Stored items:
--------

lemma mle_error_term_le:
  fixes b c eps d :: real and n k :: nat
  assumes n: "2 \<le> n" and c: "0 < c" and eps: "0 < eps" and cd: "c * (1 - eps) = 1 + d"
    and b: "0 \<le> b" "b \<le> real n powr (- c / (2 * n))"
    and k: "1 \<le> k" "2 * k \<le> n"
  shows "real (n choose k) ^ 2 * b ^ (4 * k * (n - k))
    \<le> (real n powr (- 2 * d)) ^ k + (4 * real n powr (- c * eps)) ^ n"
proof -
  define N m where "N = real n" and "m = real k"
  have N: "2 \<le> N" and m: "1 \<le> m" "2 * m \<le> N" using n k by (simp_all add: N_def m_def)
  have pow_N: "(N powr a) ^ j = N powr (a * real j)" for a j
    using N by (simp add: powr_realpow[symmetric] powr_powr)
  have b_pow: "b ^ (4 * k * (n - k)) \<le> N powr (- (2 * c * m * (N - m) / N))"
  proof -
    have "b ^ (4 * k * (n - k)) \<le> (N powr (- c / (2 * N))) ^ (4 * k * (n - k))"
      using b by (intro power_mono) (simp_all add: N_def)
    also have "\<dots> = N powr (- (2 * c * m * (N - m) / N))"
      unfolding pow_N using k N
      by (intro arg_cong[where f="(powr) N"]) (simp add: N_def m_def of_nat_diff field_simps)
    finally show ?thesis .
  qed
  have nonneg: "0 \<le> (N powr (- 2 * d)) ^ k" "0 \<le> (4 * N powr (- c * eps)) ^ n" by simp_all
  show ?thesis
  proof (cases "m \<le> eps * N")
    case True
    have "real (n choose k) \<le> N powr m"
      using binomial_le_pow[of k n] k N unfolding N_def m_def
      by (simp add: powr_realpow flip: of_nat_power)
    then have "real (n choose k) ^ 2 \<le> (N powr m) ^ 2" by (intro power_mono) auto
    also have "\<dots> = N powr (2 * m)" by (simp add: pow_N mult.commute)
    finally have binom: "real (n choose k) ^ 2 \<le> N powr (2 * m)" .
    have "1 - eps \<le> (N - m) / N" using True N by (simp add: field_simps)
    then have "(1 + d) * m \<le> c * ((N - m) / N) * m"
      using c m unfolding cd[symmetric] by (intro mult_right_mono mult_left_mono) auto
    then have exponent: "2 * m - 2 * c * m * (N - m) / N \<le> - 2 * d * m"
      using N by (simp add: field_simps)
    have "real (n choose k) ^ 2 * b ^ (4 * k * (n - k))
        \<le> N powr (2 * m) * N powr (- (2 * c * m * (N - m) / N))"
      using binom b_pow b(1) by (intro mult_mono) auto
    also have "\<dots> \<le> N powr (- 2 * d * m)"
      using exponent N by (simp add: powr_add[symmetric])
    also have "\<dots> = (N powr (- 2 * d)) ^ k" by (simp add: pow_N m_def)
    finally show ?thesis using nonneg(2) unfolding N_def by linarith
  next
    case False
    have "real (n choose k) ^ 2 \<le> (2 ^ n) ^ 2"
      using binomial_le_pow2[of n k] by (intro power_mono) (simp_all flip: of_nat_power)
    also have "\<dots> = (2 ^ 2) ^ n" by (simp only: power_mult[symmetric] mult.commute)
    also have "\<dots> = 4 ^ n" by simp
    finally have binom: "real (n choose k) ^ 2 \<le> 4 ^ n" .
    have "eps * N * (N / 2) \<le> m * (N - m)"
      using False eps N m by (intro mult_mono) auto
    then have "2 * c * (eps * N * (N / 2)) / N \<le> 2 * c * (m * (N - m)) / N"
      using c N by (intro divide_right_mono mult_left_mono) auto
    then have exponent: "c * eps * N \<le> 2 * c * m * (N - m) / N"
      using N by (simp add: mult.assoc)
    have "real (n choose k) ^ 2 * b ^ (4 * k * (n - k))
        \<le> 4 ^ n * N powr (- (2 * c * m * (N - m) / N))"
      using binom b_pow b(1) by (intro mult_mono) auto
    also have "\<dots> \<le> 4 ^ n * N powr (- c * eps * N)"
      using exponent N by (intro mult_left_mono powr_mono) auto
    also have "\<dots> = (4 * N powr (- c * eps)) ^ n" by (simp add: power_mult_distrib pow_N N_def[symmetric])
    finally show ?thesis using nonneg(1) unfolding N_def by linarith
  qed
qed

lemma sum_power_atLeastAtMost_1_le:
  fixes r :: real
  assumes "0 \<le> r" and "r < 1"
  shows "(\<Sum>k=1..m. r ^ k) \<le> r / (1 - r)"
proof (cases "m = 0")
  case False
  then have "(\<Sum>k=1..m. r ^ k) = (r - r ^ Suc m) / (1 - r)" using assms by (simp add: sum_gp)
  also have "\<dots> \<le> r / (1 - r)" using assms by (intro divide_right_mono) auto
  finally show ?thesis .
qed (use assms in simp)

lemma mle_error_bound_tendsto_0:
  fixes B :: "nat \<Rightarrow> real"
  assumes c: "1 < c" and B_nonneg: "\<And>n. 0 \<le> B n"
    and B_le: "eventually (\<lambda>n. B n \<le> real n powr (- c / (2 * n))) sequentially"
  shows "(\<lambda>n. mle_error_bound n (B n)) \<longlonglongrightarrow> 0"
proof -
  define eps d where "eps = (c - 1) / (2 * c)" and "d = (c - 1) / 2"
  have eps: "0 < eps" and d: "0 < d" and cd: "c * (1 - eps) = 1 + d"
    using c by (auto simp: eps_def d_def field_simps)
  define r s where "r n = real n powr (- 2 * d)" and "s n = 4 * real n powr (- c * eps)" for n
  have r: "r \<longlonglongrightarrow> 0"
    unfolding r_def using d by (intro tendsto_neg_powr filterlim_real_sequentially) auto
  have s: "s \<longlonglongrightarrow> 0"
    unfolding s_def using c eps
    by (intro tendsto_mult_right_zero tendsto_neg_powr filterlim_real_sequentially) auto
  have s_small: "eventually (\<lambda>n. s n < 1 / 2) sequentially"
    using s by (rule order_tendstoD) simp
  have r_small: "eventually (\<lambda>n. r n < 1) sequentially"
    using r by (rule order_tendstoD) simp
  have "(\<lambda>n. real n * s n ^ n) \<longlonglongrightarrow> 0"
  proof (rule tendsto_sandwich[of "\<lambda>_. 0" _ _ "\<lambda>n. real n * (1 / 2) ^ n"])
    show "eventually (\<lambda>n. real n * s n ^ n \<le> real n * (1 / 2) ^ n) sequentially"
      using s_small
    proof eventually_elim
      case (elim n)
      then have "s n ^ n \<le> (1 / 2) ^ n" by (intro power_mono) (simp_all add: s_def)
      then show ?case by (intro mult_left_mono) auto
    qed
    show "(\<lambda>n. real n * (1 / 2 :: real) ^ n) \<longlonglongrightarrow> 0" by (rule powser_times_n_limit_0) simp
  qed (auto simp: s_def)
  then have bound: "(\<lambda>n. r n / (1 - r n) + real n * s n ^ n) \<longlonglongrightarrow> 0"
    using tendsto_add[OF tendsto_divide[OF r tendsto_diff[OF tendsto_const r]]] by fastforce
  show ?thesis
  proof (rule tendsto_sandwich[OF _ _ tendsto_const bound])
    show "eventually (\<lambda>n. 0 \<le> mle_error_bound n (B n)) sequentially"
      unfolding mle_error_bound_def using B_nonneg by (intro always_eventually allI sum_nonneg) auto
    show "eventually (\<lambda>n. mle_error_bound n (B n) \<le> r n / (1 - r n) + real n * s n ^ n) sequentially"
      using B_le eventually_ge_at_top[of 2] r_small
    proof eventually_elim
      case (elim n)
      have "mle_error_bound n (B n) \<le> (\<Sum>k=1..n div 2. r n ^ k + s n ^ n)"
        unfolding mle_error_bound_def r_def s_def
      proof (rule sum_mono)
        fix k assume "k \<in> {1..n div 2}"
        then show "real (n choose k) ^ 2 * B n ^ (4 * k * (n - k))
            \<le> (real n powr (- 2 * d)) ^ k + (4 * real n powr (- c * eps)) ^ n"
          using c by (intro mle_error_term_le[OF elim(2) _ eps cd B_nonneg elim(1)]) auto
      qed
      also have "\<dots> = (\<Sum>k=1..n div 2. r n ^ k) + real (n div 2) * s n ^ n"
        by (simp add: sum.distrib)
      also have "\<dots> \<le> r n / (1 - r n) + real n * s n ^ n"
        using elim(3) by (intro add_mono sum_power_atLeastAtMost_1_le mult_right_mono)
          (auto simp: r_def s_def)
      finally show ?case .
    qed
  qed
qed

lemma eventually_bhattacharyya_le_powr:
  assumes B_nonneg: "\<And>n. 0 \<le> bhattacharyya M (p n) (q n)"
    and lim: "liminf (\<lambda>n. ereal (real n) * renyi_half M (p n) (q n) / ereal (ln (real n))) > 1"
  obtains c where "1 < c"
    and "eventually (\<lambda>n. bhattacharyya M (p n) (q n) \<le> real n powr (- c / (2 * n))) sequentially"
proof -
  obtain c where c: "1 < ereal c"
    and c_lim: "ereal c < liminf (\<lambda>n. ereal (real n) * renyi_half M (p n) (q n) / ereal (ln (real n)))"
    using ereal_dense2[OF lim] by blast
  from c_lim have "eventually (\<lambda>n. ereal c < ereal (real n) * renyi_half M (p n) (q n) / ereal (ln (real n)))
      sequentially"
    by (rule less_LiminfD)
  then have "eventually (\<lambda>n. bhattacharyya M (p n) (q n) \<le> real n powr (- c / (2 * n))) sequentially"
    using eventually_ge_at_top[of 2]
  proof eventually_elim
    case (elim n)
    let ?B = "bhattacharyya M (p n) (q n)"
    show ?case
    proof (cases "?B = 0")
      case False
      then have "0 < ?B" using B_nonneg[of n] by simp
      have "0 < ln (real n)" using elim(2) by simp
      moreover have "renyi_half M (p n) (q n) = ereal (- 2 * ln ?B)"
        using False by (simp add: renyi_half_def)
      ultimately have "c < real n * (- 2 * ln ?B) / ln (real n)"
        using elim(1) by (simp add: divide_ereal_def divide_inverse)
      then have "c * ln (real n) < real n * (- 2 * ln ?B)"
        using \<open>0 < ln (real n)\<close> by (simp add: field_simps)
      then have "ln ?B < - c / (2 * n) * ln (real n)"
        using elim(2) by (simp add: field_simps)
      then have "exp (ln ?B) < exp (- c / (2 * n) * ln (real n))"
        by (rule exp_less_mono)
      then show ?thesis
        using \<open>0 < ?B\<close> elim(2) by (simp add: powr_def)
    qed simp
  qed
  with c show thesis by (intro that) auto
qed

--------

◆ DIRECTIONS ◆
Starting at the line above that holds "using tendsto_add[OF tendsto_divide[OF" and ending at the line that holds "(\<lambda>n. 0 \<le>", transcribe each line exactly and include no other lines.

◆ WRITTEN SOLUTION ◆
    using tendsto_add[OF tendsto_divide[OF r tendsto_diff[OF tendsto_const r]]] by fastforce
  show ?thesis
  proof (rule tendsto_sandwich[OF _ _ tendsto_const bound])
    show "eventually (\<lambda>n. 0 \<le> mle_error_bound n (B n)) sequentially"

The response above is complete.